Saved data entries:
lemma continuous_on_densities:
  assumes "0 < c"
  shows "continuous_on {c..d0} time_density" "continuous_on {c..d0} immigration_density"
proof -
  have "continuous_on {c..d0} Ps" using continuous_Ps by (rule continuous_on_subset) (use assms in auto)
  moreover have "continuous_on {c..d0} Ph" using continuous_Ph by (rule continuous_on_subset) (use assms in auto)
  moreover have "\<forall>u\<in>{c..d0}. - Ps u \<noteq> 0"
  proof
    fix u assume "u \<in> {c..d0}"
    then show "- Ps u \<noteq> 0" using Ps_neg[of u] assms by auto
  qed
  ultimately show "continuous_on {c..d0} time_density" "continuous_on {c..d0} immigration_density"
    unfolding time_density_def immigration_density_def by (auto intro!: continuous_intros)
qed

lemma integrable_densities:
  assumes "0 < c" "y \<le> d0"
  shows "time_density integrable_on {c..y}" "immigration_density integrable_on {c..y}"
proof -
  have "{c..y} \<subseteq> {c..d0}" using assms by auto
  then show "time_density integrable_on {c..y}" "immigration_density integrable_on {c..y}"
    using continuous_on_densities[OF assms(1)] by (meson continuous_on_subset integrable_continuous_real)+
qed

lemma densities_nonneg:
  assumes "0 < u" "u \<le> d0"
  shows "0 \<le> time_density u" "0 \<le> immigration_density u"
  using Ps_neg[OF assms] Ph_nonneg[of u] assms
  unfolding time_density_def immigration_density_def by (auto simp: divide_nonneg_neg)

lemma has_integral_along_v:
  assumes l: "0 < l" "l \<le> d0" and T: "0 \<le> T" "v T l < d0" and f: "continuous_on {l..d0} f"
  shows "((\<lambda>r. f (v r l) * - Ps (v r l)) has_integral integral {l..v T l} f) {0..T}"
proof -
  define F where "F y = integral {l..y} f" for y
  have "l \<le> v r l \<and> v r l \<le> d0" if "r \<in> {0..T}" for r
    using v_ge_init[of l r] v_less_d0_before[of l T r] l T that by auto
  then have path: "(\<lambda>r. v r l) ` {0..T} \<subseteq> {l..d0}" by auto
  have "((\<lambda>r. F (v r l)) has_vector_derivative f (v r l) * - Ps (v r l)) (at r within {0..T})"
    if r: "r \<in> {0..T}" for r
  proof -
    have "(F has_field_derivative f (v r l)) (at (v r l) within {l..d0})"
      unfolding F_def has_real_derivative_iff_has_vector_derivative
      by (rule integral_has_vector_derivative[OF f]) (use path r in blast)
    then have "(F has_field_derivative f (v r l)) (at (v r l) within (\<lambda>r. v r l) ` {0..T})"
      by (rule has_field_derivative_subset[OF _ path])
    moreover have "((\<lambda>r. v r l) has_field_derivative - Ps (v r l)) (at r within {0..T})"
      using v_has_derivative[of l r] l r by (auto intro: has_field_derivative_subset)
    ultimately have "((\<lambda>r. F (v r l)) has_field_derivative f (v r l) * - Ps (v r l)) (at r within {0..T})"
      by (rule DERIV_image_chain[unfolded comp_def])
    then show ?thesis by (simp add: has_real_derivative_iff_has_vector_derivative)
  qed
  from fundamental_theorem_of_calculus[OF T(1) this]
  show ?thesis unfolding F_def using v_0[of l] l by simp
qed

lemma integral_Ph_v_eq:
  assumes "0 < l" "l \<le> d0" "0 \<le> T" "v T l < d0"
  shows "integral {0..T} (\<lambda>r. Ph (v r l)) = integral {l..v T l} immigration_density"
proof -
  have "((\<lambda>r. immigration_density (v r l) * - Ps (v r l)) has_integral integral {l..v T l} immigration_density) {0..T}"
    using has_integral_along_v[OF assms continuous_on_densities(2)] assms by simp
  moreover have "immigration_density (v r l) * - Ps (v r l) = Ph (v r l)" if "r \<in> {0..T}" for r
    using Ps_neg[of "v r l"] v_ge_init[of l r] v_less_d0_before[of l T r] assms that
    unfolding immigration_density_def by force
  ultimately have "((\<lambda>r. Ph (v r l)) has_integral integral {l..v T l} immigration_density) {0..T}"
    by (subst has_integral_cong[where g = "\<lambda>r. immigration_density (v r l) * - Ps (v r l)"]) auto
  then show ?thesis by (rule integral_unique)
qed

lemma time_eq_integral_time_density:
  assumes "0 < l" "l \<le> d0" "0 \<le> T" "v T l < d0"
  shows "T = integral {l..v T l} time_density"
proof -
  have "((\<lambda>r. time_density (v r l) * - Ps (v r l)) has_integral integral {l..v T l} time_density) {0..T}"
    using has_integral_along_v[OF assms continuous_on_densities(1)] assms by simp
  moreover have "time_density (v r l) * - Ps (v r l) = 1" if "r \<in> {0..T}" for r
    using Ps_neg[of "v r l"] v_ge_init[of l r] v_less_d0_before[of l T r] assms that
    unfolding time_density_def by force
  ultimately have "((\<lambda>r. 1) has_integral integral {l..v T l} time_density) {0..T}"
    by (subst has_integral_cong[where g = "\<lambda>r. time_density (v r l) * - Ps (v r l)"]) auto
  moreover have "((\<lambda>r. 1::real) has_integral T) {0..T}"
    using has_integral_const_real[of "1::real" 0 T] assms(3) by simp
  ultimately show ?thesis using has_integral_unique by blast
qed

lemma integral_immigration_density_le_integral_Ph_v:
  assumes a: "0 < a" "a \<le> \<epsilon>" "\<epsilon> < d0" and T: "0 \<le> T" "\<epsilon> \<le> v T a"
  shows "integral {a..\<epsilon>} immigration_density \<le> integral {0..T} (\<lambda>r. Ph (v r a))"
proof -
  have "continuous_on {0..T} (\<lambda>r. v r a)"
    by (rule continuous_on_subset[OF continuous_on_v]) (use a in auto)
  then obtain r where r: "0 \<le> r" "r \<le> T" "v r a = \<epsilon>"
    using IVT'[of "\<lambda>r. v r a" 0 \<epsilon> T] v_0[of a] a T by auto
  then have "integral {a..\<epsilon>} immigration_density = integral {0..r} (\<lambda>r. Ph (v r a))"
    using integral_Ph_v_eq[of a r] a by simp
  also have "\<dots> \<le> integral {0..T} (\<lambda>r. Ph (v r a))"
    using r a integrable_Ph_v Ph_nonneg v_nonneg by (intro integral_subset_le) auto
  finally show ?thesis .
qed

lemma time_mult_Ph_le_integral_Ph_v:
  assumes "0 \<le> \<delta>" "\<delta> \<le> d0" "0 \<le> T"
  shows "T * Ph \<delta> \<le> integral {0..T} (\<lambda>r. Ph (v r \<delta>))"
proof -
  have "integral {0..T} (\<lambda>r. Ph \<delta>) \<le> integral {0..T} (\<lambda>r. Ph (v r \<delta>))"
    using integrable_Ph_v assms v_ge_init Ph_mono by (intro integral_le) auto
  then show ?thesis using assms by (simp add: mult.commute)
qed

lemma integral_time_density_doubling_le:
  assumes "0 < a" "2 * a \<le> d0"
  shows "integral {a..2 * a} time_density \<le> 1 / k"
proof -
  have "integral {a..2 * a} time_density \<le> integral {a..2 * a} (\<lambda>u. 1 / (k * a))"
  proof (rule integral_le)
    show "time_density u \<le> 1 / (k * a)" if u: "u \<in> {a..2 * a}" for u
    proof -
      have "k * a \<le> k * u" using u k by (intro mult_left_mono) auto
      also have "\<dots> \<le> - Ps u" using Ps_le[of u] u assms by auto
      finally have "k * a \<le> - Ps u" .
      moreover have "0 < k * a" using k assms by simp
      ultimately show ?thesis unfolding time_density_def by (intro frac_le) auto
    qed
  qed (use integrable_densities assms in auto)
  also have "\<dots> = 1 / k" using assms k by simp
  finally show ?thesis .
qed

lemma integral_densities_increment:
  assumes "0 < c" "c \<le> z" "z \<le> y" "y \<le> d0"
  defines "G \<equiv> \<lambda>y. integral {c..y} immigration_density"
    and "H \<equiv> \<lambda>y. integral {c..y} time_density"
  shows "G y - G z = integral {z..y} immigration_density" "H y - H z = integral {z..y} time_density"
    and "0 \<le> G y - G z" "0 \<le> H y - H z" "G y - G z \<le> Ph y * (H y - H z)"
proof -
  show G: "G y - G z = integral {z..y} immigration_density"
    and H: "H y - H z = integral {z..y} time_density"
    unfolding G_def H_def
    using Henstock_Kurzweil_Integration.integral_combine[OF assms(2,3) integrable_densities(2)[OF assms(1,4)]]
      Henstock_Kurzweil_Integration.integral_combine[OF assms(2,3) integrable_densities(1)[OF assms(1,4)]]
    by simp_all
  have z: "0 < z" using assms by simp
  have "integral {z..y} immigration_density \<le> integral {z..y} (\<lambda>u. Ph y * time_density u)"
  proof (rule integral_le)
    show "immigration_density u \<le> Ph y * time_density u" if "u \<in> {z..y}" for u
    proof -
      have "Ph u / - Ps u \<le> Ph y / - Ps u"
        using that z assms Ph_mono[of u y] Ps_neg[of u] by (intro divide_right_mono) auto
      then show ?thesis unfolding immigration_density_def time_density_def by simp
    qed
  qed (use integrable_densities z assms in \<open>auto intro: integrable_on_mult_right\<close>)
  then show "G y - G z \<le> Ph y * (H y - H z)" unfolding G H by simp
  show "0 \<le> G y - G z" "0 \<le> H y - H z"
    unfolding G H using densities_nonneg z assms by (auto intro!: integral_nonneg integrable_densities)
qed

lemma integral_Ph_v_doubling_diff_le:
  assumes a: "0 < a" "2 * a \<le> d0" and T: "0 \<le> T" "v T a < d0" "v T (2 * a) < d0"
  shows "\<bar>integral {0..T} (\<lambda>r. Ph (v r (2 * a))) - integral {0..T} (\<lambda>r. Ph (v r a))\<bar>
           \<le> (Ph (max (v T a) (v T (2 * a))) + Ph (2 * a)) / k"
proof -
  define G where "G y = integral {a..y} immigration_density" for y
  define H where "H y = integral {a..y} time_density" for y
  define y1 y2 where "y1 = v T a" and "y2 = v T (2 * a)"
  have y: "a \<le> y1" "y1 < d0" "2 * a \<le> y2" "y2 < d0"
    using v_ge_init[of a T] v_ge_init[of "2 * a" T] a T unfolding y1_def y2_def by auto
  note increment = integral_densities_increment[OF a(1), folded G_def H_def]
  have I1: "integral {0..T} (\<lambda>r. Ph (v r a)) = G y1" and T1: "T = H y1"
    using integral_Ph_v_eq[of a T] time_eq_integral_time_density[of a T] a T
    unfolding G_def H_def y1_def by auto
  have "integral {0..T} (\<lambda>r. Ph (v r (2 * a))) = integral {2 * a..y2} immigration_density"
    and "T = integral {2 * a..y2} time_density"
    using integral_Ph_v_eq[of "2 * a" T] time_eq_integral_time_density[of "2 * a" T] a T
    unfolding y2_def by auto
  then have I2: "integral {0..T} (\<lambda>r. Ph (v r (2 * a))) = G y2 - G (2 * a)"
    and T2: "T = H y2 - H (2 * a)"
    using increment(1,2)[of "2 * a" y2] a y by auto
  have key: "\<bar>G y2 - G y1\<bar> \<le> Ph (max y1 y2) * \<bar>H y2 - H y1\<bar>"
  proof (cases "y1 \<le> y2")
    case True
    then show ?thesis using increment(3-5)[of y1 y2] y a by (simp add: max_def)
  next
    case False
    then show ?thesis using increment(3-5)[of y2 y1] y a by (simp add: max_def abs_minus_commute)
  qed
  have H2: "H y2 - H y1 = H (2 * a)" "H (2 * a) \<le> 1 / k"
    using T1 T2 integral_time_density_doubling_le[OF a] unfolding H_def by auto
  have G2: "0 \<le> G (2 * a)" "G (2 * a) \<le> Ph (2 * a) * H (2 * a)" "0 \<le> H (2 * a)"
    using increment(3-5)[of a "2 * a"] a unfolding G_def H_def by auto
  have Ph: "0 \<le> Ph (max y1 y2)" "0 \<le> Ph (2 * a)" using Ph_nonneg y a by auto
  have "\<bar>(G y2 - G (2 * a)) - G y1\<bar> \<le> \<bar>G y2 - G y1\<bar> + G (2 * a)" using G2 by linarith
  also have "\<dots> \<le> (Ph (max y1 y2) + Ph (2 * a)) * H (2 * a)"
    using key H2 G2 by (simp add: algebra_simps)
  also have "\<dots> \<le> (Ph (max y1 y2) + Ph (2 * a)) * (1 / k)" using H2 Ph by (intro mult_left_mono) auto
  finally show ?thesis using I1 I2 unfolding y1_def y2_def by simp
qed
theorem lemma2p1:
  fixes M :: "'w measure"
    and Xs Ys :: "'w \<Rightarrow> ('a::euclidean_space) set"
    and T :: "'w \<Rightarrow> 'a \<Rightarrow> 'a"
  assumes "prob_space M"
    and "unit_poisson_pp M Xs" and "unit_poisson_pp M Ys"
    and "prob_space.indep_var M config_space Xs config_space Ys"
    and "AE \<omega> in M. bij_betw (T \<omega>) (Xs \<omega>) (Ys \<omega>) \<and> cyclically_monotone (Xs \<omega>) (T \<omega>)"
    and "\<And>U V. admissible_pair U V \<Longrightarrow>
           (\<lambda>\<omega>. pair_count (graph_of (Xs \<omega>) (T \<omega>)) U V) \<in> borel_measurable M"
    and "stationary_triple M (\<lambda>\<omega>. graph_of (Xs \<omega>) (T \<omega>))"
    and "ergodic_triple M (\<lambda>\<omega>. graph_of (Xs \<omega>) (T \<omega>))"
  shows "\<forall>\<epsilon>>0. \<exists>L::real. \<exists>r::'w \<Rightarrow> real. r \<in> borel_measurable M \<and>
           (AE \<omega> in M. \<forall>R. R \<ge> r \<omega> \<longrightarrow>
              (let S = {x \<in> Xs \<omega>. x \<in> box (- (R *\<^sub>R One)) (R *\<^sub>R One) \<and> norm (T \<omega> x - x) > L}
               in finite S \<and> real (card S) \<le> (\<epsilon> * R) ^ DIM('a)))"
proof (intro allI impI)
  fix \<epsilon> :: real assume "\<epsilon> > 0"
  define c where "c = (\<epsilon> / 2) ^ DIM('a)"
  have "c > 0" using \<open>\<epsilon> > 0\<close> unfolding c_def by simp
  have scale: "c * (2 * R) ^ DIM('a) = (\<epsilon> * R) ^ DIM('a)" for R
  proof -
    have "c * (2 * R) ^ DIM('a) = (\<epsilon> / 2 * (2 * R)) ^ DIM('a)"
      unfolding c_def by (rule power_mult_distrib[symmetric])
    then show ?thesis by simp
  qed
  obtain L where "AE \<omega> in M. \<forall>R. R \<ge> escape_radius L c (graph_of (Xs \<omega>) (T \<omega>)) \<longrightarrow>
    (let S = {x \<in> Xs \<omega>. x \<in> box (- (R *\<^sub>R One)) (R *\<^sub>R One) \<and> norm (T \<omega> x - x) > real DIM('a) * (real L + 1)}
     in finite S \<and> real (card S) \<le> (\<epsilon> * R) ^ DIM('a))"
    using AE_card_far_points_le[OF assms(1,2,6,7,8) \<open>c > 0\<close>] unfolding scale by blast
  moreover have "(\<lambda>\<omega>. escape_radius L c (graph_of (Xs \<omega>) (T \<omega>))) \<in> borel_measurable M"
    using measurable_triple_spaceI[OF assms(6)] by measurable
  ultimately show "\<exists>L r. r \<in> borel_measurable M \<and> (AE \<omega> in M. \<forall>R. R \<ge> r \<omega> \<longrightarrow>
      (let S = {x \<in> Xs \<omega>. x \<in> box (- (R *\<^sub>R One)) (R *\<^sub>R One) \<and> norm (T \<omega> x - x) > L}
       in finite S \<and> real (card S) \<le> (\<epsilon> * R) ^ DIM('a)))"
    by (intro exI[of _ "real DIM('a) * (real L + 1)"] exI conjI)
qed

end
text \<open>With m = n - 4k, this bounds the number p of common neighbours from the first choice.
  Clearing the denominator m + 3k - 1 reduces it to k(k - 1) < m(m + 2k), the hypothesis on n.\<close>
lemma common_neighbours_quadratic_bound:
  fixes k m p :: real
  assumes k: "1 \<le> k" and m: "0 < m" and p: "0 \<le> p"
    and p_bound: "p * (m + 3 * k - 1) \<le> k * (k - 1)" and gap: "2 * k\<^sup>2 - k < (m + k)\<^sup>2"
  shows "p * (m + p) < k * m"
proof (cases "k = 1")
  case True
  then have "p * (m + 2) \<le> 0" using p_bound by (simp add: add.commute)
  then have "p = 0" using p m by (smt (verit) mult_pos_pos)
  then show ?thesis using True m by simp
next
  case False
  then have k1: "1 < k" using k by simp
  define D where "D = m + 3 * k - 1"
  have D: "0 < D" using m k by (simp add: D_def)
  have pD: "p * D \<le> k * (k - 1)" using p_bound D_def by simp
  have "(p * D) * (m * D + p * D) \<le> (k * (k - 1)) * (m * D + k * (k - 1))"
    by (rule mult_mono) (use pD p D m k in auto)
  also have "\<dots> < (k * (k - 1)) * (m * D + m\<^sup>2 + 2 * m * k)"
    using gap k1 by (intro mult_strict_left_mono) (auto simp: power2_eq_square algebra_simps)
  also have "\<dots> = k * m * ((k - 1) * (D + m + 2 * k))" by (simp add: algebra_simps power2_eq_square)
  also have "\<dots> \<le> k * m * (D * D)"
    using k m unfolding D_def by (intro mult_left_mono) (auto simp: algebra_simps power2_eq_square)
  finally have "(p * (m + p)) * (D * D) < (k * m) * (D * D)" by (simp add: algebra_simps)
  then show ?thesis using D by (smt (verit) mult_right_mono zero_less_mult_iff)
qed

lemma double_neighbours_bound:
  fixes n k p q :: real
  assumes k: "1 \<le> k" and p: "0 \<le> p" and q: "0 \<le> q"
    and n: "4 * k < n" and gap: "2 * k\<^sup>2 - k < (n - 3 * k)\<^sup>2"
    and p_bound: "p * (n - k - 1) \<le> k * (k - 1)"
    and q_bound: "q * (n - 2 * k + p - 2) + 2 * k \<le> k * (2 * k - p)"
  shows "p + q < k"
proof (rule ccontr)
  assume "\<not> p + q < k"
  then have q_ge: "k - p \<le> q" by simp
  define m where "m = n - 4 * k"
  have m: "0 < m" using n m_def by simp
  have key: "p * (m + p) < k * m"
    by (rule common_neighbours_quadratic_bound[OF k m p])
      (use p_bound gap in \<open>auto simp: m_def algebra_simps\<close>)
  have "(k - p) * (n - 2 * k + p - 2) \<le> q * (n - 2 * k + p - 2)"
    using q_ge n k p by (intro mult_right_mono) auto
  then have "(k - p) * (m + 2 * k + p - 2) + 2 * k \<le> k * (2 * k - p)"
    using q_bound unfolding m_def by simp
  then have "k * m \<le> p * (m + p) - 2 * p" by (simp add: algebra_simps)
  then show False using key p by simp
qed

=== Work required ===
Gather every line from the entries above where the word "noteq" appears, and copy them.

=== Answer for the task ===
  moreover have "\<forall>u\<in>{c..d0}. - Ps u \<noteq> 0"
    then show "- Ps u \<noteq> 0" using Ps_neg[of u] assms by auto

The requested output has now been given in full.